DATA SHOWN —
----------
text \<open>
  A hypersum in the sign hyperfield only depends on which nonzero signs occur among the
  summands: it is the full hyperfield as soon as both signs occur.  Hence a coefficient of a
  hyperproduct is unconstrained whenever two of its contributing products have opposite signs.
  With this, every monic polynomial of degree \<open>n \<ge> 2\<close> other than \<open>T\<^sup>2 + 1\<close> has a
  factorisation into two factors of degree \<open>< n\<close>: by \<open>T\<close> if its constant term is \<open>0\<close>,
  by \<open>T - 1\<close> and \<open>1 + T + \<dots> + T\<^sup>n\<^sup>-\<^sup>1\<close> if it is \<open>-1\<close>, and if it is \<open>+1\<close>
  by \<open>T + 1\<close> and an alternating polynomial (\<open>n\<close> odd), by \<open>1 + T + T\<^sup>2\<close> and an
  alternating polynomial (\<open>n \<ge> 4\<close> even), or by \<open>(T \<plusminus> 1)\<^sup>2\<close> (\<open>n = 2\<close>).  Degree one
  polynomials are irreducible because degrees add, and \<open>T\<^sup>2 + 1\<close> is irreducible because
  the middle coefficient of a product of two linear factors can only be \<open>0\<close> when the
  constant term is negative.  Negation reduces the general case to the monic one.
\<close>

section \<open>Sign arithmetic\<close>

lemma UNIV_sgn: "UNIV = {SZ, SP, SN}"
  by (auto intro: sgn.exhaust)

lemma smul_commute: "smul a b = smul b a"
  by (cases a; cases b) auto

lemma smul_SZ_right [simp]: "smul a SZ = SZ"
  by (cases a) auto

lemma smul_SP_left [simp]: "smul SP b = b"
  by (cases b) auto

lemma smul_eq_SZ_iff: "smul a b = SZ \<longleftrightarrow> a = SZ \<or> b = SZ"
  by (cases a; cases b) auto

lemma smul_eq_SP_iff: "smul a b = SP \<longleftrightarrow> a = b \<and> a \<noteq> SZ"
  by (cases a; cases b) auto

lemma smul_SN_SN_left [simp]: "smul SN (smul SN x) = x"
  by (cases x) auto

lemma smul_SN_eq_iff [simp]:
  "smul SN y = SP \<longleftrightarrow> y = SN" "smul SN y = SN \<longleftrightarrow> y = SP" "smul SN y = SZ \<longleftrightarrow> y = SZ"
  by (cases y; simp)+

lemma smul_SN_left_commute: "smul a (smul SN x) = smul SN (smul a x)"
  by (cases a; cases x) auto

definition hsum_set :: "sgn set \<Rightarrow> sgn set" where
  "hsum_set S = (if SP \<in> S \<and> SN \<in> S then UNIV else if SP \<in> S then {SP}
                 else if SN \<in> S then {SN} else {SZ})"

lemma hsum_set_insert: "(\<Union>b\<in>hsum_set S. hadd b a) = hsum_set (insert a S)"
  by (cases a) (auto simp: hsum_set_def UNIV_sgn)

lemma hsum_rev_eq_hsum_set: "hsum_rev xs = hsum_set (set xs)"
  by (induction xs) (simp add: hsum_set_def, simp add: hsum_set_insert)

lemma hsum_eq_hsum_set: "hsum xs = hsum_set (set xs)"
  by (simp add: hsum_def hsum_rev_eq_hsum_set)

lemma hsum_set_cong:
  "(SP \<in> A \<longleftrightarrow> SP \<in> B) \<Longrightarrow> (SN \<in> A \<longleftrightarrow> SN \<in> B) \<Longrightarrow> hsum_set A = hsum_set B"
  by (simp add: hsum_set_def)

lemma hsum_set_insert_SZ [simp]: "hsum_set (insert SZ S) = hsum_set S"
  by (simp add: hsum_set_def)

lemma hsum_set_singleton [simp]: "hsum_set {x} = {x}"
  by (cases x) (auto simp: hsum_set_def)

lemma hsum_set_smul_SN:
  assumes "x \<in> hsum_set S"
  shows "smul SN x \<in> hsum_set (smul SN ` S)"
proof -
  have "SP \<in> smul SN ` S \<longleftrightarrow> SN \<in> S" "SN \<in> smul SN ` S \<longleftrightarrow> SP \<in> S"
    by (auto simp: image_iff) (metis smul_SN_eq_iff)+
  with assms show ?thesis
    unfolding hsum_set_def by (cases x) (auto split: if_splits)
qed

section \<open>Polynomials and degrees\<close>

lemma spolyI: "\<forall>i>N. q i = SZ \<Longrightarrow> q \<in> spoly"
  unfolding spoly_def
  by (rule CollectI, rule finite_subset[of _ "{..N}"]) (auto simp: not_le[symmetric])

lemma coeff_above_sdeg: "c \<in> spoly \<Longrightarrow> sdeg c < i \<Longrightarrow> c i = SZ"
proof (rule ccontr)
  assume c: "c \<in> spoly" "sdeg c < i" "c i \<noteq> SZ"
  then have "i \<le> Max {i. c i \<noteq> SZ}"
    by (intro Max_ge) (auto simp: spoly_def)
  with c show False
    unfolding sdeg_def by (auto split: if_splits)
qed

lemma lead_coeff_nonzero: "c \<in> spoly \<Longrightarrow> c i \<noteq> SZ \<Longrightarrow> c (sdeg c) \<noteq> SZ"
proof -
  assume c: "c \<in> spoly" "c i \<noteq> SZ"
  then have "finite {i. c i \<noteq> SZ}" "{i. c i \<noteq> SZ} \<noteq> {}"
    by (auto simp: spoly_def)
  then have "Max {i. c i \<noteq> SZ} \<in> {i. c i \<noteq> SZ}"
    by (rule Max_in)
  then show ?thesis
    unfolding sdeg_def by auto
qed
----------
ABOUT THIS EXERCISE —
Output every record above exactly as it was given.

REPLY TO THE TASK —
text \<open>
  A hypersum in the sign hyperfield only depends on which nonzero signs occur among the
  summands: it is the full hyperfield as soon as both signs occur.  Hence a coefficient of a
  hyperproduct is unconstrained whenever two of its contributing products have opposite signs.
  With this, every monic polynomial of degree \<open>n \<ge> 2\<close> other than \<open>T\<^sup>2 + 1\<close> has a
  factorisation into two factors of degree \<open>< n\<close>: by \<open>T\<close> if its constant term is \<open>0\<close>,
  by \<open>T - 1\<close> and \<open>1 + T + \<dots> + T\<^sup>n\<^sup>-\<^sup>1\<close> if it is \<open>-1\<close>, and if it is \<open>+1\<close>
  by \<open>T + 1\<close> and an alternating polynomial (\<open>n\<close> odd), by \<open>1 + T + T\<^sup>2\<close> and an
  alternating polynomial (\<open>n \<ge> 4\<close> even), or by \<open>(T \<plusminus> 1)\<^sup>2\<close> (\<open>n = 2\<close>).  Degree one
  polynomials are irreducible because degrees add, and \<open>T\<^sup>2 + 1\<close> is irreducible because
  the middle coefficient of a product of two linear factors can only be \<open>0\<close> when the
  constant term is negative.  Negation reduces the general case to the monic one.
\<close>

section \<open>Sign arithmetic\<close>

lemma UNIV_sgn: "UNIV = {SZ, SP, SN}"
  by (auto intro: sgn.exhaust)

lemma smul_commute: "smul a b = smul b a"
  by (cases a; cases b) auto

lemma smul_SZ_right [simp]: "smul a SZ = SZ"
  by (cases a) auto

lemma smul_SP_left [simp]: "smul SP b = b"
  by (cases b) auto

lemma smul_eq_SZ_iff: "smul a b = SZ \<longleftrightarrow> a = SZ \<or> b = SZ"
  by (cases a; cases b) auto

lemma smul_eq_SP_iff: "smul a b = SP \<longleftrightarrow> a = b \<and> a \<noteq> SZ"
  by (cases a; cases b) auto

lemma smul_SN_SN_left [simp]: "smul SN (smul SN x) = x"
  by (cases x) auto

lemma smul_SN_eq_iff [simp]:
  "smul SN y = SP \<longleftrightarrow> y = SN" "smul SN y = SN \<longleftrightarrow> y = SP" "smul SN y = SZ \<longleftrightarrow> y = SZ"
  by (cases y; simp)+

lemma smul_SN_left_commute: "smul a (smul SN x) = smul SN (smul a x)"
  by (cases a; cases x) auto

definition hsum_set :: "sgn set \<Rightarrow> sgn set" where
  "hsum_set S = (if SP \<in> S \<and> SN \<in> S then UNIV else if SP \<in> S then {SP}
                 else if SN \<in> S then {SN} else {SZ})"

lemma hsum_set_insert: "(\<Union>b\<in>hsum_set S. hadd b a) = hsum_set (insert a S)"
  by (cases a) (auto simp: hsum_set_def UNIV_sgn)

lemma hsum_rev_eq_hsum_set: "hsum_rev xs = hsum_set (set xs)"
  by (induction xs) (simp add: hsum_set_def, simp add: hsum_set_insert)

lemma hsum_eq_hsum_set: "hsum xs = hsum_set (set xs)"
  by (simp add: hsum_def hsum_rev_eq_hsum_set)

lemma hsum_set_cong:
  "(SP \<in> A \<longleftrightarrow> SP \<in> B) \<Longrightarrow> (SN \<in> A \<longleftrightarrow> SN \<in> B) \<Longrightarrow> hsum_set A = hsum_set B"
  by (simp add: hsum_set_def)

lemma hsum_set_insert_SZ [simp]: "hsum_set (insert SZ S) = hsum_set S"
  by (simp add: hsum_set_def)

lemma hsum_set_singleton [simp]: "hsum_set {x} = {x}"
  by (cases x) (auto simp: hsum_set_def)

lemma hsum_set_smul_SN:
  assumes "x \<in> hsum_set S"
  shows "smul SN x \<in> hsum_set (smul SN ` S)"
proof -
  have "SP \<in> smul SN ` S \<longleftrightarrow> SN \<in> S" "SN \<in> smul SN ` S \<longleftrightarrow> SP \<in> S"
    by (auto simp: image_iff) (metis smul_SN_eq_iff)+
  with assms show ?thesis
    unfolding hsum_set_def by (cases x) (auto split: if_splits)
qed

section \<open>Polynomials and degrees\<close>

lemma spolyI: "\<forall>i>N. q i = SZ \<Longrightarrow> q \<in> spoly"
  unfolding spoly_def
  by (rule CollectI, rule finite_subset[of _ "{..N}"]) (auto simp: not_le[symmetric])

lemma coeff_above_sdeg: "c \<in> spoly \<Longrightarrow> sdeg c < i \<Longrightarrow> c i = SZ"
proof (rule ccontr)
  assume c: "c \<in> spoly" "sdeg c < i" "c i \<noteq> SZ"
  then have "i \<le> Max {i. c i \<noteq> SZ}"
    by (intro Max_ge) (auto simp: spoly_def)
  with c show False
    unfolding sdeg_def by (auto split: if_splits)
qed

lemma lead_coeff_nonzero: "c \<in> spoly \<Longrightarrow> c i \<noteq> SZ \<Longrightarrow> c (sdeg c) \<noteq> SZ"
proof -
  assume c: "c \<in> spoly" "c i \<noteq> SZ"
  then have "finite {i. c i \<noteq> SZ}" "{i. c i \<noteq> SZ} \<noteq> {}"
    by (auto simp: spoly_def)
  then have "Max {i. c i \<noteq> SZ} \<in> {i. c i \<noteq> SZ}"
    by (rule Max_in)
  then show ?thesis
    unfolding sdeg_def by auto
qed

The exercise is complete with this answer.